= WHAT YOU HAVE TO DO =
Below are entries; output exactly the lines from the one with "by (rule closedin_INT)" to the one with "define k where", both included, and nothing else.
(STORED DATA)
(* Let $\Sigma=\{a,b,c\}$ and let $L_\infty\subseteq\mathcal{T}_\Sigma$ be the set of $\Sigma$-trees $t$ such that on every infinite branch of $t$ the letter $a$ occurs infinitely often. Then $L_\infty$ is comeager in $\mathcal{T}_\Sigma$.
   Context: The full binary tree is $V=\{L,R\}^*$; a $\Sigma$-tree is a map $t:V\to\Sigma$ and $\mathcal{T}_\Sigma=\Sigma^V$ with the product topology ($\Sigma$ discrete). An infinite branch is an infinite sequence of vertices $\epsilon, d_1, d_1d_2,\dots$ with $d_j\in\{L,R\}$. A set is comeager if its complement is a countable union of nowhere dense sets. *)

theory Defs
  imports "HOL-Analysis.Analysis"
begin

datatype dir = L | R

type_synonym vertex = "dir list"

datatype sigma = a | b | c

definition tree_top :: "(vertex \<Rightarrow> sigma) topology" where
  "tree_top = product_topology (\<lambda>v. discrete_topology (UNIV :: sigma set)) UNIV"

definition nowhere_dense_in :: "'x topology \<Rightarrow> 'x set \<Rightarrow> bool" where
  "nowhere_dense_in X S \<longleftrightarrow> S \<subseteq> topspace X \<and> X interior_of (X closure_of S) = {}"

definition comeager_in :: "'x topology \<Rightarrow> 'x set \<Rightarrow> bool" where
  "comeager_in X A \<longleftrightarrow> A \<subseteq> topspace X \<and>
     (\<exists>N :: nat \<Rightarrow> 'x set. (\<forall>n. nowhere_dense_in X (N n)) \<and>
        topspace X - A = (\<Union>n. N n))"

definition branch_vertex :: "(nat \<Rightarrow> dir) \<Rightarrow> nat \<Rightarrow> vertex" where
  "branch_vertex d n = map d [0..<n]"

definition L_inf :: "(vertex \<Rightarrow> sigma) set" where
  "L_inf = {t. \<forall>d :: nat \<Rightarrow> dir. \<exists>\<^sub>\<infinity>n. t (branch_vertex d n) = a}"

end

theory Submission
  imports Defs
begin

text \<open>If some branch of \<open>t\<close> eventually avoids \<open>a\<close>, say from the vertex \<open>u\<close> on, then \<open>t\<close> has
  \<open>a\<close>-free paths of every length starting at \<open>u\<close>. For fixed \<open>u\<close> this property is closed (it asks,
  for each length, for one of finitely many paths) and it has empty interior (a basic open set
  fixes only finitely many vertices, so it contains a tree labelled \<open>a\<close> on all deep vertices).
  As there are countably many vertices, the complement of \<open>L_inf\<close> lies in a countable union
  of closed nowhere dense sets.\<close>

instance dir :: finite
proof
  have "UNIV = {L, R}" using dir.exhaust by blast
  then show "finite (UNIV :: dir set)" by (metis finite.emptyI finite.insertI)
qed

definition a_free_path :: "(vertex \<Rightarrow> sigma) \<Rightarrow> vertex \<Rightarrow> dir list \<Rightarrow> bool" where
  "a_free_path t u w \<longleftrightarrow> (\<forall>j\<le>length w. t (u @ take j w) \<noteq> a)"

definition long_a_free_paths :: "vertex \<Rightarrow> (vertex \<Rightarrow> sigma) set" where
  "long_a_free_paths u = {t. \<forall>k. \<exists>w. length w = k \<and> a_free_path t u w}"

lemma topspace_tree_top [simp]: "topspace tree_top = UNIV"
  by (simp add: tree_top_def topspace_product_topology)

lemma closedin_tree_top_label: "closedin tree_top {t. P (t v)}"
proof -
  have "continuous_map tree_top (discrete_topology UNIV) (\<lambda>t. t v)"
    unfolding tree_top_def by (rule continuous_map_product_projection) simp
  from closedin_continuous_map_preimage[OF this, of "Collect P"] show ?thesis by simp
qed

lemma openin_tree_top_cylinder:
  assumes "openin tree_top W" and "t \<in> W"
  obtains F where "finite F" and "\<And>s. (\<forall>v\<in>F. s v = t v) \<Longrightarrow> s \<in> W"
proof -
  obtain U where U: "finite {v. U v \<noteq> UNIV}" "t \<in> Pi\<^sub>E UNIV U" "Pi\<^sub>E UNIV U \<subseteq> W"
    using assms unfolding tree_top_def openin_product_topology_alt by force
  show ?thesis
  proof
    fix s assume agree: "\<forall>v\<in>{v. U v \<noteq> UNIV}. s v = t v"
    have "s v \<in> U v" for v
      using agree U(2) by (cases "U v = UNIV") (auto simp: PiE_iff)
    then have "s \<in> Pi\<^sub>E UNIV U" by (simp add: PiE_iff)
    with U(3) show "s \<in> W" by blast
  qed (fact U(1))
qed

lemma nowhere_dense_in_subset_closedin:
  assumes "closedin X S" and "X interior_of S = {}" and "T \<subseteq> S"
  shows "nowhere_dense_in X T"
proof -
  have "X closure_of T \<subseteq> S" using assms(1,3) by (rule closure_of_minimal[rotated])
  then have "X interior_of (X closure_of T) = {}"
    using interior_of_mono assms(2) by blast
  moreover have "T \<subseteq> topspace X" using assms(1,3) closedin_subset by blast
  ultimately show ?thesis by (simp add: nowhere_dense_in_def)
qed

lemma closedin_a_free_path: "closedin tree_top {t. a_free_path t u w}"
proof -
  have "{t. a_free_path t u w} = (\<Inter>j\<in>{..length w}. {t. t (u @ take j w) \<noteq> a})"
    by (auto simp: a_free_path_def)
  also have "closedin tree_top \<dots>"
    by (rule closedin_INT) (auto intro: closedin_tree_top_label)
  finally show ?thesis .
qed

lemma closedin_long_a_free_paths: "closedin tree_top (long_a_free_paths u)"
proof -
  have "long_a_free_paths u = (\<Inter>k. \<Union>w\<in>{w. length w = k}. {t. a_free_path t u w})"
    by (auto simp: long_a_free_paths_def)
  also have "closedin tree_top \<dots>"
    by (intro closedin_INT closedin_Union)
       (use finite_lists_length_eq[of "UNIV :: dir set"] in \<open>auto simp: closedin_a_free_path\<close>)
  finally show ?thesis .
qed

lemma interior_of_long_a_free_paths: "tree_top interior_of (long_a_free_paths u) = {}"
proof (rule ccontr)
  assume "tree_top interior_of (long_a_free_paths u) \<noteq> {}"
  then obtain t where "t \<in> tree_top interior_of (long_a_free_paths u)" by blast
  then obtain F where F: "finite F" "\<And>s. (\<forall>v\<in>F. s v = t v) \<Longrightarrow> s \<in> long_a_free_paths u"
    by (metis openin_interior_of interior_of_subset openin_tree_top_cylinder subsetD)
  define s where "s v = (if v \<in> F then t v else a)" for v
  define k where "k = Suc (Max (insert 0 (length ` F)))"
  have deep: "v \<notin> F" if "length v \<ge> k" for v
  proof
    assume "v \<in> F"
    then have "length v \<le> Max (insert 0 (length ` F))" using F(1) by simp
    with that show False by (simp add: k_def)
  qed
  have "s \<in> long_a_free_paths u" using F(2) by (simp add: s_def)
  then obtain w where "length w = k" "a_free_path s u w"
    by (auto simp: long_a_free_paths_def)
  then have "s (u @ w) \<noteq> a" by (auto simp: a_free_path_def dest: spec[of _ k])
  moreover have "u @ w \<notin> F" using deep \<open>length w = k\<close> by simp
  ultimately show False by (simp add: s_def)
qed

lemma branch_vertex_add:
  "branch_vertex d (m + j) = branch_vertex d m @ map (\<lambda>i. d (m + i)) [0..<j]"
proof -
  have "map (\<lambda>i. d (m + i)) [0..<j] = map d [m..<m + j]"
    by (rule nth_equalityI) auto
  moreover have "[0..<m + j] = [0..<m] @ [m..<m + j]" by (rule upt_add_eq_append) simp
  ultimately show ?thesis by (simp add: branch_vertex_def)
qed

lemma not_L_inf_imp_long_a_free_paths:
  assumes "t \<notin> L_inf"
  obtains u where "t \<in> long_a_free_paths u"
proof -
  obtain d where "\<not> (\<exists>\<^sub>\<infinity>n. t (branch_vertex d n) = a)"
    using assms unfolding L_inf_def by blast
  then obtain m where m: "\<And>n. n \<ge> m \<Longrightarrow> t (branch_vertex d n) \<noteq> a"
    unfolding INFM_nat_le by blast
  have path: "a_free_path t (branch_vertex d m) (map (\<lambda>i. d (m + i)) [0..<k])" for k
    unfolding a_free_path_def
  proof (intro allI impI)
    fix j assume "j \<le> length (map (\<lambda>i. d (m + i)) [0..<k])"
    then have "take j (map (\<lambda>i. d (m + i)) [0..<k]) = map (\<lambda>i. d (m + i)) [0..<j]"
      by (simp add: take_map)
    then show "t (branch_vertex d m @ take j (map (\<lambda>i. d (m + i)) [0..<k])) \<noteq> a"
      using m[of "m + j"] by (simp add: branch_vertex_add)
  qed
  then have "t \<in> long_a_free_paths (branch_vertex d m)"
    unfolding long_a_free_paths_def
  proof (intro CollectI allI)
    fix k
    show "\<exists>w. length w = k \<and> a_free_path t (branch_vertex d m) w"
      using path by (intro exI[of _ "map (\<lambda>i. d (m + i)) [0..<k]"]) simp
  qed
  then show ?thesis by (rule that)
qed

theorem proposition5:
  shows "comeager_in tree_top L_inf"
  unfolding comeager_in_def
proof (intro conjI exI[of _ "\<lambda>n. long_a_free_paths (from_nat n) - L_inf"])
  show "L_inf \<subseteq> topspace tree_top" by simp
  show "\<forall>n. nowhere_dense_in tree_top (long_a_free_paths (from_nat n) - L_inf)"
    using nowhere_dense_in_subset_closedin[OF closedin_long_a_free_paths
        interior_of_long_a_free_paths] by blast
  show "topspace tree_top - L_inf = (\<Union>n. long_a_free_paths (from_nat n) - L_inf)"
  proof -
    have "(\<Union>n. long_a_free_paths (from_nat n)) = (\<Union>u. long_a_free_paths u)"
      by (metis image_image surj_from_nat)
    moreover have "- L_inf \<subseteq> (\<Union>u. long_a_free_paths u)"
      using not_L_inf_imp_long_a_free_paths by blast
    ultimately show ?thesis by auto
  qed
qed

end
(End STORED DATA)
= THE COMPLETED TASK =
    by (rule closedin_INT) (auto intro: closedin_tree_top_label)
  finally show ?thesis .
qed

lemma closedin_long_a_free_paths: "closedin tree_top (long_a_free_paths u)"
proof -
  have "long_a_free_paths u = (\<Inter>k. \<Union>w\<in>{w. length w = k}. {t. a_free_path t u w})"
    by (auto simp: long_a_free_paths_def)
  also have "closedin tree_top \<dots>"
    by (intro closedin_INT closedin_Union)
       (use finite_lists_length_eq[of "UNIV :: dir set"] in \<open>auto simp: closedin_a_free_path\<close>)
  finally show ?thesis .
qed

lemma interior_of_long_a_free_paths: "tree_top interior_of (long_a_free_paths u) = {}"
proof (rule ccontr)
  assume "tree_top interior_of (long_a_free_paths u) \<noteq> {}"
  then obtain t where "t \<in> tree_top interior_of (long_a_free_paths u)" by blast
  then obtain F where F: "finite F" "\<And>s. (\<forall>v\<in>F. s v = t v) \<Longrightarrow> s \<in> long_a_free_paths u"
    by (metis openin_interior_of interior_of_subset openin_tree_top_cylinder subsetD)
  define s where "s v = (if v \<in> F then t v else a)" for v
  define k where "k = Suc (Max (insert 0 (length ` F)))"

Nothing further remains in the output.